In the autumn of 1942, Unteroffizier Lemke was posted to the 1. Staffel (1st squadron) of Jagdgeschwader 2 "Richthofen" (JG 2—2nd Fighter Wing), based on the French coast. His was to remain with JG 2 throughout the rest of the war. His first victory came on 12 March 1943 when he downed an RAF Spitfire fighter near Fécamp. He was promoted to Staffelführer of his squadron on 12 September 1943.

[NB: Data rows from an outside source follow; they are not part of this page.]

text \<open>
  All monomials \<open>\<alpha>\<^sub>2\<^sup>i \<alpha>\<^sub>3\<^sup>j\<close> of \<open>\<zeta>\<^sub>N\<close> and \<open>\<zeta>bar\<^sub>N\<close> satisfy \<open>i + 2j = N\<close>, and the recurrences
  \<open>(N+2) \<zeta>\<^sub>N\<^sub>+\<^sub>2 = \<alpha>\<^sub>2 \<zeta>\<^sub>N\<^sub>+\<^sub>1 \<plusminus> \<alpha>\<^sub>3 \<zeta>\<^sub>N\<close> (sign \<open>+\<close> for \<open>\<zeta>\<close>, \<open>-\<close> for \<open>\<zeta>bar\<close>) put
  \<open>\<zeta>\<^sub>N\<close> for \<open>N \<ge> n\<close> and \<open>\<zeta>bar\<^sub>N\<close> for \<open>N > n\<close> into \<open>I\<^sup>0\<^sub>n\<close>.
  Fix \<open>(p, j)\<close> with \<open>2p + 3j \<ge> 2n\<close>, let \<open>M = p + 2j\<close> and \<open>m = M - n\<close>. In \<open>\<alpha>\<^sub>2\<^sup>i \<zeta>\<^sub>M\<^sub>-\<^sub>i\<close>
  the coefficient of \<open>\<alpha>\<^sub>2\<^sup>x \<alpha>\<^sub>3\<^sup>k\<close> (\<open>x + 2k = M\<close>) is the falling factorial \<open>x(x-1)\<dots>(x-i+1)\<close>
  divided by \<open>x! k! 2\<^sup>k\<close>, and for \<open>\<zeta>bar\<close> it gets the extra sign \<open>(-1)\<^sup>k\<close>. So combinations
  \<open>\<Sum>\<^sub>i\<^sub>\<le>\<^sub>m \<alpha>\<^sub>2\<^sup>i (a\<^sub>i \<zeta>\<^sub>M\<^sub>-\<^sub>i + b\<^sub>i \<zeta>bar\<^sub>M\<^sub>-\<^sub>i)\<close> with \<open>b\<^sub>m = 0\<close> realise, up to that factor, any two
  polynomials in \<open>x\<close> of degree \<open>\<le> m\<close> with equal \<open>x\<^sup>m\<close>-coefficients, one on the monomials with
  \<open>k\<close> even and one on those with \<open>k\<close> odd. As \<open>\<lceil>j/2\<rceil> \<le> m\<close>, both can be taken monic of degree
  \<open>\<lceil>j/2\<rceil>\<close>, vanishing at \<open>x = M - 2k\<close> for every \<open>k < j\<close> of their parity but not at \<open>x = p\<close>.
  The resulting element of \<open>I\<^sup>0\<^sub>n\<close> has leading monomial \<open>\<alpha>\<^sub>2\<^sup>p \<alpha>\<^sub>3\<^sup>j\<close>.
\<close>

text \<open>The coefficient of \<open>t\<^sup>n\<close> in \<open>exp (\<alpha>\<^sub>2 t + \<sigma> \<alpha>\<^sub>3 t\<^sup>2 / 2)\<close>.\<close>

definition zeta_gen :: "complex \<Rightarrow> nat \<Rightarrow> cpoly2" where
  "zeta_gen \<sigma> n = (\<Sum>j\<le>n div 2. monom (monom (\<sigma> ^ j / (fact (n - 2*j) * fact j * 2 ^ j)) (n - 2*j)) j)"

lemma zeta_eq_zeta_gen: "zeta n = zeta_gen 1 n"
  by (simp add: zeta_def zeta_gen_def)

lemma zetabar_eq_zeta_gen: "zetabar n = zeta_gen (-1) n"
  by (simp add: zetabar_def zeta_gen_def)

lemma cf_eqI: "(\<And>i j. cf p i j = cf q i j) \<Longrightarrow> p = q"
  unfolding cf_def by (metis poly_eqI)

lemma cf_zero [simp]: "cf 0 i j = 0"
  by (simp add: cf_def)

lemma cf_add [simp]: "cf (p + q) i j = cf p i j + cf q i j"
  by (simp add: cf_def)

lemma cf_sum: "cf (\<Sum>x\<in>A. p x) i j = (\<Sum>x\<in>A. cf (p x) i j)"
  by (simp add: cf_def coeff_sum)

lemma cf_monom_mult:
  "cf (monom (monom c a) b * p) i j = (if a \<le> i \<and> b \<le> j then c * cf p (i - a) (j - b) else 0)"
  by (auto simp: cf_def coeff_monom_mult)

lemma cf_zeta_gen:
  "cf (zeta_gen \<sigma> n) i j = (if i + 2*j = n then \<sigma> ^ j / (fact i * fact j * 2 ^ j) else 0)"
proof -
  have "cf (zeta_gen \<sigma> n) i j =
      (\<Sum>j'\<le>n div 2. if j' = j then
         (if n - 2*j' = i then \<sigma> ^ j' / (fact (n - 2*j') * fact j' * 2 ^ j') else 0) else 0)"
    unfolding cf_def zeta_gen_def coeff_sum by (rule sum.cong) auto
  also have "\<dots> = (if i + 2*j = n then \<sigma> ^ j / (fact i * fact j * 2 ^ j) else 0)"
    by auto
  finally show ?thesis .
qed

lemma zeta_coeff_Suc_left:
  "of_nat (Suc i) * (\<sigma> ^ j / (fact (Suc i) * fact j * 2 ^ j)) = \<sigma> ^ j / (fact i * fact j * 2 ^ j :: complex)"
  by (simp del: of_nat_Suc)

lemma zeta_coeff_Suc_right:
  "2 * of_nat (Suc j) * (\<sigma> ^ Suc j / (fact i * fact (Suc j) * 2 ^ Suc j))
     = \<sigma> * (\<sigma> ^ j / (fact i * fact j * 2 ^ j :: complex))"
  by (simp del: of_nat_Suc)

lemma zeta_gen_recurrence:
  "monom (monom (of_nat (n + 2)) 0) 0 * zeta_gen \<sigma> (n + 2)
     = mon 1 0 * zeta_gen \<sigma> (n + 1) + monom (monom \<sigma> 0) 1 * zeta_gen \<sigma> n"
proof (rule cf_eqI)
  fix i j
  show "cf (monom (monom (of_nat (n + 2)) 0) 0 * zeta_gen \<sigma> (n + 2)) i j =
        cf (mon 1 0 * zeta_gen \<sigma> (n + 1) + monom (monom \<sigma> 0) 1 * zeta_gen \<sigma> n) i j"
  proof (cases "i + 2*j = n + 2")
    case True
    let ?c = "\<lambda>i j. \<sigma> ^ j / (fact i * fact j * 2 ^ j :: complex)"
    have "of_nat (n + 2) = (of_nat i + 2 * of_nat j :: complex)"
      using True by (metis of_nat_add of_nat_mult of_nat_numeral)
    then have "of_nat (n + 2) * ?c i j = of_nat i * ?c i j + 2 * of_nat j * ?c i j"
      by (simp only: distrib_right)
    also have "\<dots> = (if 1 \<le> i then ?c (i - 1) j else 0) + (if 1 \<le> j then \<sigma> * ?c i (j - 1) else 0)"
    proof -
      have "of_nat i * ?c i j = (if 1 \<le> i then ?c (i - 1) j else 0)"
        using zeta_coeff_Suc_left by (cases i) simp_all
      moreover have "2 * of_nat j * ?c i j = (if 1 \<le> j then \<sigma> * ?c i (j - 1) else 0)"
        using zeta_coeff_Suc_right by (cases j) simp_all
      ultimately show ?thesis by simp
    qed
    finally show ?thesis
      using True by (auto simp: mon_def cf_monom_mult cf_zeta_gen)
  next
    case False
    then show ?thesis by (auto simp: mon_def cf_monom_mult cf_zeta_gen)
  qed
qed
lemma supermartingale_sum_le:
  assumes F: "supermartingale m n G F" and L: "L \<le> m * n"
  shows "(\<Sum>\<pi>\<in>decks m n. F (hist G \<pi> L)) \<le> real (card (decks m n)) * F []"
  using assms(2)
proof (induction L)
  case (Suc L)
  let ?H = "\<lambda>\<pi>. hist G \<pi> L"
  have classes: "{\<sigma> \<in> decks m n. ?H \<sigma> = h} = consistent_decks m n G h" if "h \<in> ?H ` decks m n" for h
    using that by (auto simp: consistent_decks_def)
  have "(\<Sum>\<pi>\<in>decks m n. F (hist G \<pi> (Suc L)))
      = (\<Sum>h\<in>?H ` decks m n. \<Sum>\<sigma>\<in>consistent_decks m n G h. F (hist G \<sigma> (Suc L)))"
    using classes by (simp add: sum.image_gen[OF finite_decks, where g = ?H])
  also have "\<dots> \<le> (\<Sum>h\<in>?H ` decks m n. real (card (consistent_decks m n G h)) * F h)"
  proof (rule sum_mono)
    fix h assume h: "h \<in> ?H ` decks m n"
    then have "length h = L" "consistent_decks m n G h \<noteq> {}"
      using classes by auto
    then show "(\<Sum>\<sigma>\<in>consistent_decks m n G h. F (hist G \<sigma> (Suc L)))
        \<le> real (card (consistent_decks m n G h)) * F h"
      using supermartingaleD[OF F, of h] Suc.prems by simp
  qed
  also have "\<dots> = (\<Sum>h\<in>?H ` decks m n. \<Sum>\<sigma>\<in>consistent_decks m n G h. F (?H \<sigma>))"
    by (intro sum.cong) (auto simp: consistent_decks_def)
  also have "\<dots> = (\<Sum>\<pi>\<in>decks m n. F (?H \<pi>))"
    using classes by (simp add: sum.image_gen[OF finite_decks, where g = ?H])
  finally show ?case
    using Suc by simp
qed simp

In late January 1944, I. Gruppe under the command of Hauptmann Erich Hohagen was moved to Aix-en-Provence Aerodrome in southern France. There the unit fought against the 15th Air Force of the United States Army Air Forces (USAAF). On 9 February 1944 Lemke shot down four Spitfires southeast of Cannes - one of which was flown by American pilot Bob Hoover - to move his tally to 19 victories. His squadron were again transferred to Italy to counter the Allied landings at Anzio. In March, 1944 Lemke added sixteen further victories to his tally. The USAAF sent 200 Boeing B-17 Flying Fortress and 80 Consolidated B-24 Liberator bombers to the Rome marshalling yards on 3 March. The bombers were escorted by Republic P-47 Thunderbolt fighters of which two were shot down by Lemke.

By the early summer of 1944, Lemke's squadron was again moved, this time to Creil, an airfield north of Paris. From here Lemke flew combat missions over the developing campaign in Normandy following D-Day. On 14 June 1944, Lemke was awarded the Knight's Cross of the Iron Cross () for his then tally of 47 victories.

Group commander
In July 1944, Lemke was appointed Gruppenkommandeur (group commander) of the III. Gruppe of JG 2, replacing Hauptmann Josef Wurmheller who had been killed in action on 22 June. He led this Gruppe until the end of the war.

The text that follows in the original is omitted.